NASA launched Curiosity on Saturday. The rover will search for evidence of life on the Red Planet using cameras, a robotic arm, a drill, and a laser to test rocks on Mars.
Written by Boonsri Dickinson, Contributing Editor

NASA's $2.5 billion rover Curiosity launched from Cape Canaveral, Fla. on Saturday. For the next eight and a half months, the Mars Science Laboratory's nuclear-powered rover will be traveling to Mars.

When the rover arrives, it will sample Martian soil and rock to look signs of microbial life on Mars.

The SUV-sized rover will look for methane and determine if a gas is biological or geological, according to NASA.

The mission will aim to:

  • See if there's biological material by looking for organic carbon compounds
  • Check out the geology of the rover's field site
  • Look into the role of water to see if there was any evidence of past habitability
  • Measure surface radiation

It's worth wishing Curiosity luck since it will spend most of 2012 in deep space before the rover gets to Mars.

The landing next August might be rough.

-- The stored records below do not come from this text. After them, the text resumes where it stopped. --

(* Let $k\ge 1$ and let $v_0,\pi_1,v_1,\dots,\pi_k$ be generated by Approximate Value Iteration with errors $\epsilon_1,\dots,\epsilon_{k-1}$ (for any choice of greedy policies at each step). Let $\epsilon=\max_{1\le j<k}\operatorname{span}(\epsilon_j)$ (with $\epsilon=0$ if $k=1$). Then $$\|v_*-v_{\pi_k}\|_\infty \le \frac{1}{1-\gamma}\left(\frac{\gamma-\gamma^k}{1-\gamma}\,\epsilon+\gamma^k\operatorname{span}(v_*-v_0)\right).$$
   Context: A Markov Decision Process with finite state space $S$, finite action space $A$, reward function $r(s,a)$, transition probabilities $p(s'|s,a)$ and discount factor $\gamma\in[0,1)$. For a (deterministic, stationary) policy $\pi:S\to A$, let $r_\pi(s)=r(s,\pi(s))$, let $P_\pi$ be the stochastic matrix $P_\pi(s,s')=p(s'|s,\pi(s))$, and let $T_\pi v=r_\pi+\gamma P_\pi v$ be the Bellman operator of $\pi$; $v_\pi$ is its unique fixed point (the expected $\gamma$-discounted total reward of $\pi$). The Bellman optimality operator is $Tv=\max_\pi T_\pi v$ (componentwise), $v_*$ is its fixed point (the optimal value), and a policy $\pi$ is greedy with respect to $v$ if $T_\pi v=Tv$. For a function $f:S\to\mathbb R$, $\operatorname{span}(f)=\max_s f(s)-\min_s f(s)$. Approximate Value Iteration: starting from an arbitrary $v_0:S\to\mathbb R$, for $j\ge 0$ pick any policy $\pi_{j+1}$ greedy with respect to $v_j$ and set $v_{j+1}=T_{\pi_{j+1}}v_j+\epsilon_{j+1}$, where $\epsilon_{j+1}:S\to\mathbb R$ are arbitrary error terms. *)

theory Defs
  imports Complex_Main
begin

text \<open>Finite MDP: states 's::finite, actions 'a::finite, reward r s a,
transition probabilities p s a s' = p(s'|s,a), discount factor g.\<close>

definition valid_mdp :: "('s::finite \<Rightarrow> 'a::finite \<Rightarrow> 's \<Rightarrow> real) \<Rightarrow> real \<Rightarrow> bool" where
  "valid_mdp p g \<longleftrightarrow> (\<forall>s a s'. 0 \<le> p s a s') \<and> (\<forall>s a. (\<Sum>s'\<in>UNIV. p s a s') = 1)
     \<and> 0 \<le> g \<and> g < 1"
(* Let $R$ be a finite commutative Frobenius ring of characteristic $2$, let $G=\{g_1,\dots,g_n\}$ be a finite group of order $n$ with a fixed listing of its elements, let $v_1\neq v_2$ be elements of the group ring $RG$, and let $A$ be an $n\times n$ reverse circulant matrix over $R$. Let $C_\sigma$ be the code over $R$ generated by the $2n\times 4n$ matrix $$M(\sigma)=\left(\, I_{2n} \;\middle|\; \begin{matrix} \sigma(v_1) & \sigma(v_2)+A\\ \sigma(v_2)+A & \sigma(v_1)\end{matrix}\,\right).$$ Then $C_\sigma$ is a self-dual code of length $4n$ if and only if $$(\sigma(v_1+v_2)+A)(\sigma((v_1+v_2)^* )+A)=I_n \quad\text{and}\quad \sigma(v_1)(\sigma((v_1+v_2)^* )+A)=(\sigma(v_1+v_2)+A)\sigma(v_1^* ).$$
   Context: For $v=\sum_{g\in G}\alpha_g g\in RG$, $\sigma(v)$ is the $n\times n$ matrix over $R$ whose $(i,j)$ entry is $\alpha_{g_i^{-1}g_j}$. The canonical involution is $v^*=\sum_{g}\alpha_g g^{-1}$. An $n\times n$ matrix $(a_{ij})$ is reverse circulant if $a_{ij}$ depends only on $(i+j)\bmod n$. A code is the $R$-submodule of $R^{4n}$ spanned by the rows of the generator matrix; it is self-dual if it equals its dual with respect to the Euclidean inner product $\langle x,y\rangle=\sum_i x_iy_i$. *)

theory Defs
  imports Complex_Main "HOL-Algebra.Group" "Jordan_Normal_Form.Matrix"
begin

text \<open>A finite ring R is Frobenius iff it admits a generating character: an additive
character chi of (R,+) whose kernel contains no nonzero (left) ideal.\<close>
definition additive_character :: "('a::comm_ring_1 \<Rightarrow> complex) \<Rightarrow> bool" where
  "additive_character chi \<longleftrightarrow> (\<forall>a b. chi (a + b) = chi a * chi b) \<and> (\<forall>a. chi a \<noteq> 0)"

definition frobenius_ring :: "'a::{comm_ring_1,finite} itself \<Rightarrow> bool" where
  "frobenius_ring _ \<longleftrightarrow> (\<exists>chi :: 'a \<Rightarrow> complex. additive_character chi \<and>
       (\<forall>a::'a. a \<noteq> 0 \<longrightarrow> (\<exists>r. chi (r * a) \<noteq> 1)))"

text \<open>Group ring elements: coefficient functions on the carrier of G (extensional).\<close>
definition group_ring :: "('g, 'b) monoid_scheme \<Rightarrow> ('g \<Rightarrow> 'a::zero) set" where
  "group_ring G = {v. \<forall>h. h \<notin> carrier G \<longrightarrow> v h = 0}"

definition gr_add :: "('g, 'b) monoid_scheme \<Rightarrow> ('g \<Rightarrow> 'a::comm_ring_1) \<Rightarrow> ('g \<Rightarrow> 'a) \<Rightarrow> 'g \<Rightarrow> 'a" where
  "gr_add G v w = (\<lambda>h. if h \<in> carrier G then v h + w h else 0)"

text \<open>Canonical involution: v* = sum alpha_g g^{-1}, i.e. coefficient of h is alpha_{h^{-1}}.\<close>
definition gr_star :: "('g, 'b) monoid_scheme \<Rightarrow> ('g \<Rightarrow> 'a::comm_ring_1) \<Rightarrow> 'g \<Rightarrow> 'a" where
  "gr_star G v = (\<lambda>h. if h \<in> carrier G then v (inv\<^bsub>G\<^esub> h) else 0)"
lemma internal_wave_at_sensor:
  assumes j: "j < n" and r: "r < m"
    and R: "R \<in> carrier_mat (n * m) (n * m)" and det_R: "Determinant.det R \<noteq> 0"
    and R_gram: "mass_mat \<Omega> th ef fhat \<tau> xs m n = transpose_mat R * R"
    and Ro: "mat_inv Ro \<in> carrier_mat (n * m) (n * m)"
  shows "internal_wave \<Omega> th ef tho efo fhat \<tau> xs m n R Ro (real j * \<tau>) (xs r) y
     = (orth_snap \<Omega> tho efo fhat \<tau> xs m n Ro y * R * block_unit m n j) $$ (0, r)"
proof -
  define Vo where "Vo = orth_snap \<Omega> tho efo fhat \<tau> xs m n Ro y"
  have Vo: "Vo \<in> carrier_mat 1 (n * m)"
    unfolding Vo_def using orth_snap_carrier[OF Ro] .
  have "internal_wave \<Omega> th ef tho efo fhat \<tau> xs m n R Ro (real j * \<tau>) (xs r) y
      = ((transpose_mat R * R) * (mat_inv R * transpose_mat Vo)) $$ (j * m + r, 0)"
    using internal_wave_at_sensor_eq_mass_mult[OF j r mat_inv_inverts(1)[OF R det_R] Ro] R_gram
    unfolding Vo_def by simp
  also have "\<dots> = (Vo * R) $$ (0, j * m + r)"
    using gram_mult_mat_inv[OF R det_R Vo] block_index_less[OF j r] Vo R by simp
  also have "\<dots> = (Vo * R * block_unit m n j) $$ (0, r)"
    using mult_block_unit_index[of "Vo * R" 1 n m 0 j r] Vo R j r by simp
  finally show ?thesis
    unfolding Vo_def .
qed

end

theorem proposition1:
  fixes \<Omega> :: "'a::euclidean_space set"
    and th tho :: "nat \<Rightarrow> real" and ef efo :: "nat \<Rightarrow> 'a \<Rightarrow> real"
    and fhat :: "real \<Rightarrow> real" and \<tau> :: real and xs :: "nat \<Rightarrow> 'a"
    and m n j :: nat and R Ro :: "real mat" and y :: 'a
  assumes dom: "open \<Omega>" "bounded \<Omega>" "connected \<Omega>" "\<Omega> \<noteq> {}"
    and sys: "spectral_system \<Omega> th ef"
    and sys_o: "spectral_system \<Omega> tho efo"
    and fhat_nonneg: "\<forall>w. 0 \<le> fhat w"
    and fhat_even: "\<forall>w. fhat (- w) = fhat w"
    and fhat_bl: "\<exists>B. \<forall>w. B < \<bar>w\<bar> \<longrightarrow> fhat w = 0"
    and sensors: "\<forall>s < m. xs s \<in> \<Omega>"
    and n_pos: "1 \<le> n" and tau_pos: "0 < \<tau>" and y_in: "y \<in> \<Omega>"
    and M_spd: "sym_pos_def (mass_mat \<Omega> th ef fhat \<tau> xs m n)"
    and R_dim: "R \<in> carrier_mat (n * m) (n * m)"
    and R_chol: "mass_mat \<Omega> th ef fhat \<tau> xs m n = transpose_mat R * R"
    and R_upper: "block_upper_triangular m R"
    and Mo_spd: "sym_pos_def (mass_mat \<Omega> tho efo fhat \<tau> xs m n)"
    and Ro_dim: "Ro \<in> carrier_mat (n * m) (n * m)"
    and Ro_chol: "mass_mat \<Omega> tho efo fhat \<tau> xs m n = transpose_mat Ro * Ro"
    and Ro_upper: "block_upper_triangular m Ro"
    and j_lt: "j < n"
  shows "Matrix.mat 1 m (\<lambda>(_, r). internal_wave \<Omega> th ef tho efo fhat \<tau> xs m n R Ro
            (real j * \<tau>) (xs r) y)
         = orth_snap \<Omega> tho efo fhat \<tau> xs m n Ro y * R * block_unit m n j"
proof -
  obtain B where "\<forall>w. B < \<bar>w\<bar> \<longrightarrow> fhat w = 0"
    using fhat_bl by blast
  then obtain N where "\<And>l. N \<le> l \<Longrightarrow> fhat (sqrt (th l)) = 0"
    using sys band_limited_eventually_zero unfolding spectral_system_def by metis
  then interpret band_limited_spectrum \<Omega> th ef fhat N
    using sys spectral_system_orthonormal_on by unfold_locales
  have det_R: "Determinant.det R \<noteq> 0"
    using det_nonzero_if_gram_pos_def[OF R_dim] M_spd R_chol by simp
  have Ro: "mat_inv Ro \<in> carrier_mat (n * m) (n * m)"
    using mat_inv_inverts(1)[OF Ro_dim] det_nonzero_if_gram_pos_def[OF Ro_dim] Mo_spd Ro_chol by simp
  have "orth_snap \<Omega> tho efo fhat \<tau> xs m n Ro y \<in> carrier_mat 1 (n * m)"
    by (rule orth_snap_carrier[OF Ro])
  then show ?thesis
    using internal_wave_at_sensor[OF j_lt _ R_dim det_R R_chol Ro]
    by (intro eq_matI) (auto simp: block_unit_def)
qed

Once it hits the surface, it will travel around the Gale Crater (pictured above), which is an area that might have signs of life.

"It requires a fancy power supply in order to do the job," said MSL's Pam Conrad said in a statement. "This enables us to make measurements all day, every day, at night, in the winter." It is powered by a plutonium-powered battery that is expected to last for at least two (Earth) years.

NASA's Colleen Hartman told the New York Times:

“Mars really is the Bermuda Triangle of the solar system. It’s the death planet, and the United States of America is the only nation in the world that has ever landed and driven robotic explorers on the surface of Mars, and now we’re set to do it again.”